**Exercise instructions**
Only one number is expected here, namely how many lines of the entries below hold the string "theorem".

**Material provided**

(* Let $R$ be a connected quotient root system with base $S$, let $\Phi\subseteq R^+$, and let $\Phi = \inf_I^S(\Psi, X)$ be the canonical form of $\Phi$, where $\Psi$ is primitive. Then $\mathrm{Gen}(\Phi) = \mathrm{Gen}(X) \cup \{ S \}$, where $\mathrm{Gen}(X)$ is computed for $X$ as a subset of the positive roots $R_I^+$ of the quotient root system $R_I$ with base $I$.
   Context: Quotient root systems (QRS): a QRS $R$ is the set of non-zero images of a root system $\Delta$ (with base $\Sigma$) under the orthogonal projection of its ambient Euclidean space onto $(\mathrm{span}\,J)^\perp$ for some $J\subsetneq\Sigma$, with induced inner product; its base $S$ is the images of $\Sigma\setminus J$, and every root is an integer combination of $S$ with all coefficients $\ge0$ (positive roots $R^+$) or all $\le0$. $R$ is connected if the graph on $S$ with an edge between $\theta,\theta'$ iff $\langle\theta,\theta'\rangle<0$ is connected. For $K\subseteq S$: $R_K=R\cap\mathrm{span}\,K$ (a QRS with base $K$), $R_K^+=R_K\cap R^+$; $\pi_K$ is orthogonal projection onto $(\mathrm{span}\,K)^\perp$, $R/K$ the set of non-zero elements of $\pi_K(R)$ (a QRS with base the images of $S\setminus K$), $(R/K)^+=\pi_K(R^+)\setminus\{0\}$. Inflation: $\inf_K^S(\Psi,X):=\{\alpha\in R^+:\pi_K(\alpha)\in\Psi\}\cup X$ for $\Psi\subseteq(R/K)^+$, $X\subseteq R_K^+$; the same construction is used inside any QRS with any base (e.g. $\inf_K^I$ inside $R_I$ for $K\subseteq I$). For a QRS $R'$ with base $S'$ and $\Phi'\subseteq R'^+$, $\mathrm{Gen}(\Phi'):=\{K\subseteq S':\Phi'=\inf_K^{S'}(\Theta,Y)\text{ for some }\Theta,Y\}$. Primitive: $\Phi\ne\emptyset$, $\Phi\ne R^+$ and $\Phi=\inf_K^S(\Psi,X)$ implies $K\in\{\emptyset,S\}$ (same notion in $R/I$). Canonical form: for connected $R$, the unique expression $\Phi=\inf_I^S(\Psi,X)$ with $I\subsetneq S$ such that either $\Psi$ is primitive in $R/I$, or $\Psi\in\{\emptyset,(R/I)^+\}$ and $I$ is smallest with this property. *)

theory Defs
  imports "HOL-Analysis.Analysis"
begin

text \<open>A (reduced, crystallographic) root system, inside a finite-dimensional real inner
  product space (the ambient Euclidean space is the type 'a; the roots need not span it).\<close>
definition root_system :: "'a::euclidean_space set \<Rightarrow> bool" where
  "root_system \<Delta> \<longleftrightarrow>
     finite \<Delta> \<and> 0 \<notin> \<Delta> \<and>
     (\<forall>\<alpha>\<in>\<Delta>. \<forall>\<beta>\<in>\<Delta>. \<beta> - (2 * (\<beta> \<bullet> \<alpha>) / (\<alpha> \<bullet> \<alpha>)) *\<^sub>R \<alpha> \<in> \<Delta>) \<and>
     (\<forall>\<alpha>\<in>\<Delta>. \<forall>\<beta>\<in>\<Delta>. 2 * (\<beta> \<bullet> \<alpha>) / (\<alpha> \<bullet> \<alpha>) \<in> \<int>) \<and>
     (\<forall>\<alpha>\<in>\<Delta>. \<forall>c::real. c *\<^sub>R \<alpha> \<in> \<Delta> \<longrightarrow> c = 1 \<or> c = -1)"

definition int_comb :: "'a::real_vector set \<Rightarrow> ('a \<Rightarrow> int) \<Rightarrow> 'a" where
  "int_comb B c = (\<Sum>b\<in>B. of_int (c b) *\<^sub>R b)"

--

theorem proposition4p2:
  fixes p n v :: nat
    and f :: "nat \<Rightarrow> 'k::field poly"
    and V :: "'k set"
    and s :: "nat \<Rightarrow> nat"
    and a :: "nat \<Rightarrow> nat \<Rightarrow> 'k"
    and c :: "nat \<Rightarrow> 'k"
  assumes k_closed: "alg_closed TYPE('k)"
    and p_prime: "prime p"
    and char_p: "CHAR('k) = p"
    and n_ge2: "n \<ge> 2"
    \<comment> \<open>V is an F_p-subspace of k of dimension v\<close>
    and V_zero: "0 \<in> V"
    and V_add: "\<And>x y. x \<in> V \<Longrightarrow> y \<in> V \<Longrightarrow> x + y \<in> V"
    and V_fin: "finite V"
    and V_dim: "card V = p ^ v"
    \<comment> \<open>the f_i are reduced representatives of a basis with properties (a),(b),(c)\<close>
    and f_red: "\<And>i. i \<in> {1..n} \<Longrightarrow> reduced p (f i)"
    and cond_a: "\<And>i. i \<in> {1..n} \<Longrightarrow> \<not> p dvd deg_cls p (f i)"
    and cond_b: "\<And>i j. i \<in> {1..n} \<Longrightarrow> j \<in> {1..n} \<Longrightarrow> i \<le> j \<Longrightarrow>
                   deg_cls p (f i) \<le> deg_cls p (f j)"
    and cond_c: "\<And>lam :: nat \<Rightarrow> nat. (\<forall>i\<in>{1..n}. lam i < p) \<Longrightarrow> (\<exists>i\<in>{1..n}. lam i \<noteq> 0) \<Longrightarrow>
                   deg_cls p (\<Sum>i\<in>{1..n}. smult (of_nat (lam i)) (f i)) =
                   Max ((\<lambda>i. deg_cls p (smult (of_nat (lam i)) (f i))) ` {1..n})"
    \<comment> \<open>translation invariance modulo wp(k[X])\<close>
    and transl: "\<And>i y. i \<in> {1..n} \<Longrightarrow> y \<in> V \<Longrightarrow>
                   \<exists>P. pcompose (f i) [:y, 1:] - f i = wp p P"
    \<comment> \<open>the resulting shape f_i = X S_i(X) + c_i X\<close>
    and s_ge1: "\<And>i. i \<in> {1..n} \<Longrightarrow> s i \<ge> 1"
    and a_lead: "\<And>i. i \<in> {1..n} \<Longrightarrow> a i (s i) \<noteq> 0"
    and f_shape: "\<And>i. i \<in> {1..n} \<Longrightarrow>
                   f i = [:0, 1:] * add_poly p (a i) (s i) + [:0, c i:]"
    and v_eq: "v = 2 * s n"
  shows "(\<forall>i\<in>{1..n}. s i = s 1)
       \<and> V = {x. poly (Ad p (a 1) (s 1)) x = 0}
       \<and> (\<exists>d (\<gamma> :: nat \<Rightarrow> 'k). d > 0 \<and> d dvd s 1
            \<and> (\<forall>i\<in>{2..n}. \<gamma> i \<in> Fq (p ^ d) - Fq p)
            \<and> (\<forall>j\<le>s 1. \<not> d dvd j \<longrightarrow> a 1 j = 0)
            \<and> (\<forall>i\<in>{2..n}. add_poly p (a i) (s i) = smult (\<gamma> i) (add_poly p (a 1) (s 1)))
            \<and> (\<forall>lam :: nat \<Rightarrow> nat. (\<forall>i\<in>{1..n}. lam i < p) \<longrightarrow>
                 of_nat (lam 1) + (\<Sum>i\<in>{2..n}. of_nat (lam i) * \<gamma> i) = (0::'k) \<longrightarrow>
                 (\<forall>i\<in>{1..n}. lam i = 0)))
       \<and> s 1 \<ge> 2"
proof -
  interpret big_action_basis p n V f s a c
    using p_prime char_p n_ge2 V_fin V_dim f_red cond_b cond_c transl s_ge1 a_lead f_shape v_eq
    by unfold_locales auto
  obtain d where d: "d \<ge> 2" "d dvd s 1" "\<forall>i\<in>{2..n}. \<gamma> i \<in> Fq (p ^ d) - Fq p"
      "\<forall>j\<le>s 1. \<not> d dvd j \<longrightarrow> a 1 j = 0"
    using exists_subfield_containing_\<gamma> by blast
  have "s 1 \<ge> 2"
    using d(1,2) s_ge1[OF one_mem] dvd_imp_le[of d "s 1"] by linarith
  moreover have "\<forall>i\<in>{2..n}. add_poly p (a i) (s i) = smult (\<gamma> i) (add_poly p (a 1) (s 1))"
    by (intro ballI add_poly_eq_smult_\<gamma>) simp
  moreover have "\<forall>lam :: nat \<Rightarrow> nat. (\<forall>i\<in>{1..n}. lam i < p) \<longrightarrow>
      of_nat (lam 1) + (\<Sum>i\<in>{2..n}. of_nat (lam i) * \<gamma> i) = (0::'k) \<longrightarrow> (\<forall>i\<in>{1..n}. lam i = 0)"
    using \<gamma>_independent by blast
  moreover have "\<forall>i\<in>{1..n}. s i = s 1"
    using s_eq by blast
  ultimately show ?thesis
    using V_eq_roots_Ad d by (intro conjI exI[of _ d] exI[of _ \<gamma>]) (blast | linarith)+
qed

* * *

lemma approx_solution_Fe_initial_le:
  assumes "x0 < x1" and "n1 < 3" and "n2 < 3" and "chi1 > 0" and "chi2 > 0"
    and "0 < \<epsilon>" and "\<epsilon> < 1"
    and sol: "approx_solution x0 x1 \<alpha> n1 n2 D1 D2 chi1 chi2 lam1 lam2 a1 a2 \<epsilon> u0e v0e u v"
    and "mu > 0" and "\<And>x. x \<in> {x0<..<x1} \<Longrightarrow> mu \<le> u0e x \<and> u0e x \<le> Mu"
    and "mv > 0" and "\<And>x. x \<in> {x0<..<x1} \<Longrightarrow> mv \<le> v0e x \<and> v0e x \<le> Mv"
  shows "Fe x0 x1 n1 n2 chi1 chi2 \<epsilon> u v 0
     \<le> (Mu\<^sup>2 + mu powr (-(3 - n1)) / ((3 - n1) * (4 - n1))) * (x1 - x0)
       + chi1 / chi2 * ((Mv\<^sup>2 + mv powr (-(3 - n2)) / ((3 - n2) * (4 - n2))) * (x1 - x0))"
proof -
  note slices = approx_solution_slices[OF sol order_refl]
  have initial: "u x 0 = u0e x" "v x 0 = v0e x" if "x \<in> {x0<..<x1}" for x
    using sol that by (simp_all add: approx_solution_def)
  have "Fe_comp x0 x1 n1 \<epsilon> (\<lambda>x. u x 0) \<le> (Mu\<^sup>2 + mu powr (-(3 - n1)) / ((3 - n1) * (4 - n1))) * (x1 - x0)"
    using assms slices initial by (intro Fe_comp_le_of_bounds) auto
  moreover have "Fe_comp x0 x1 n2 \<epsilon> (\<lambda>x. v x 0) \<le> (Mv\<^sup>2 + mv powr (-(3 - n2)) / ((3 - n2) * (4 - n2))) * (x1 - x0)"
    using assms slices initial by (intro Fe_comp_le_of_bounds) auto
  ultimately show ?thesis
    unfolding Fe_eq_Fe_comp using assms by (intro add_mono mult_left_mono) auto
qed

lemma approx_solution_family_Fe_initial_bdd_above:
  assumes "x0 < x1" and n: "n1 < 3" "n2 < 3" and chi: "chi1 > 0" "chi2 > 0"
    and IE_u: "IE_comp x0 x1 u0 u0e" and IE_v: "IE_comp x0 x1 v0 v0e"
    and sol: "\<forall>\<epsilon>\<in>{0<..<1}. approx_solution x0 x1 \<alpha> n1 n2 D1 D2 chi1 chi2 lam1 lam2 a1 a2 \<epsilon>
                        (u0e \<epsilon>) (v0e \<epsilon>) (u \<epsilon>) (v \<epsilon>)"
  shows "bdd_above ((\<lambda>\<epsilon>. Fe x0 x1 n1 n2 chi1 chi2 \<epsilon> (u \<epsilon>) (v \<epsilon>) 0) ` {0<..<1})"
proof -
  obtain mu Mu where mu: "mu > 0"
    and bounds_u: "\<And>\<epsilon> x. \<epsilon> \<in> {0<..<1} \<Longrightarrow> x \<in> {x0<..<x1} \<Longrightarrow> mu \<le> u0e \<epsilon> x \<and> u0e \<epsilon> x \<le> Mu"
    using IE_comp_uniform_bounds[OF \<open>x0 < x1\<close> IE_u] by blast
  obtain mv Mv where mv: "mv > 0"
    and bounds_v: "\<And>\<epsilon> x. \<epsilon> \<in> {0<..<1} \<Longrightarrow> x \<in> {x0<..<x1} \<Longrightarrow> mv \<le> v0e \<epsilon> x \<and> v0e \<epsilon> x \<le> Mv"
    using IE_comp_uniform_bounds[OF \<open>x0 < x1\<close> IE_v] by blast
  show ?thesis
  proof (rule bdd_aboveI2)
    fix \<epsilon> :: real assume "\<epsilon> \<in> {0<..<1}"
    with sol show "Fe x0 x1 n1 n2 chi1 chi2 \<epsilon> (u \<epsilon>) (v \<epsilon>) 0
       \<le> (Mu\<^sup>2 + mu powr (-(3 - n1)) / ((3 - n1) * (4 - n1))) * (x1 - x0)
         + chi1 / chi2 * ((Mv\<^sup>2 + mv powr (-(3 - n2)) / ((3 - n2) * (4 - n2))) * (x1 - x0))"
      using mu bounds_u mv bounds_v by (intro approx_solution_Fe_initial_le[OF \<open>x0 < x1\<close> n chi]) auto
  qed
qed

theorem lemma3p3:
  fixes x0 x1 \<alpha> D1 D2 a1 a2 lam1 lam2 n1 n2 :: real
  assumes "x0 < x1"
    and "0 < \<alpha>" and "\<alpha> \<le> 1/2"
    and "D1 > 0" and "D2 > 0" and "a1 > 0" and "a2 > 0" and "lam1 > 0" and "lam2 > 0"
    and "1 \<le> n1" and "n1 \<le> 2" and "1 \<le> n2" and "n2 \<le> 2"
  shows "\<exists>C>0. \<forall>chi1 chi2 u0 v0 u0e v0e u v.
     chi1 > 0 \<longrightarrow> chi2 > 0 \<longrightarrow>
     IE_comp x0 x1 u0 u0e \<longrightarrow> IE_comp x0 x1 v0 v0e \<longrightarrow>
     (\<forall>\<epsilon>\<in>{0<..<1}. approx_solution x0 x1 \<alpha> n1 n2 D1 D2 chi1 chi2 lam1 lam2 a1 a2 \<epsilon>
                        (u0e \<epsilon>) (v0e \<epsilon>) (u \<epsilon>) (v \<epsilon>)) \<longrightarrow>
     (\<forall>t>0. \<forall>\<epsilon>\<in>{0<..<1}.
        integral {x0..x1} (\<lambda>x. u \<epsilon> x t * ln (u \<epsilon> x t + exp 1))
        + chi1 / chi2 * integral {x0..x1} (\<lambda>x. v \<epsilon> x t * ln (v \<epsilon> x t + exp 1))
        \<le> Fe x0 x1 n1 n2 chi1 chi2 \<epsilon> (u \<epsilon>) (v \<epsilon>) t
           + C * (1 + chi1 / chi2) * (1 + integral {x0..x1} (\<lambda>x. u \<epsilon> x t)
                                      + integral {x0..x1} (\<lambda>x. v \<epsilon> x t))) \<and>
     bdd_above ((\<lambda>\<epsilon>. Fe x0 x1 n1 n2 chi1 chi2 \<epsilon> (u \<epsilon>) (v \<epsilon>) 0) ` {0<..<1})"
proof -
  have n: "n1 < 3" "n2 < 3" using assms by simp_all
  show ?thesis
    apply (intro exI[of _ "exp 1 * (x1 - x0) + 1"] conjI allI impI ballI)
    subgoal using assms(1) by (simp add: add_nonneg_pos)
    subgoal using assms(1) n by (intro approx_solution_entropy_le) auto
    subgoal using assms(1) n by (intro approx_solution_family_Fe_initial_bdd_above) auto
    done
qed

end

**Solution to the exercise**
2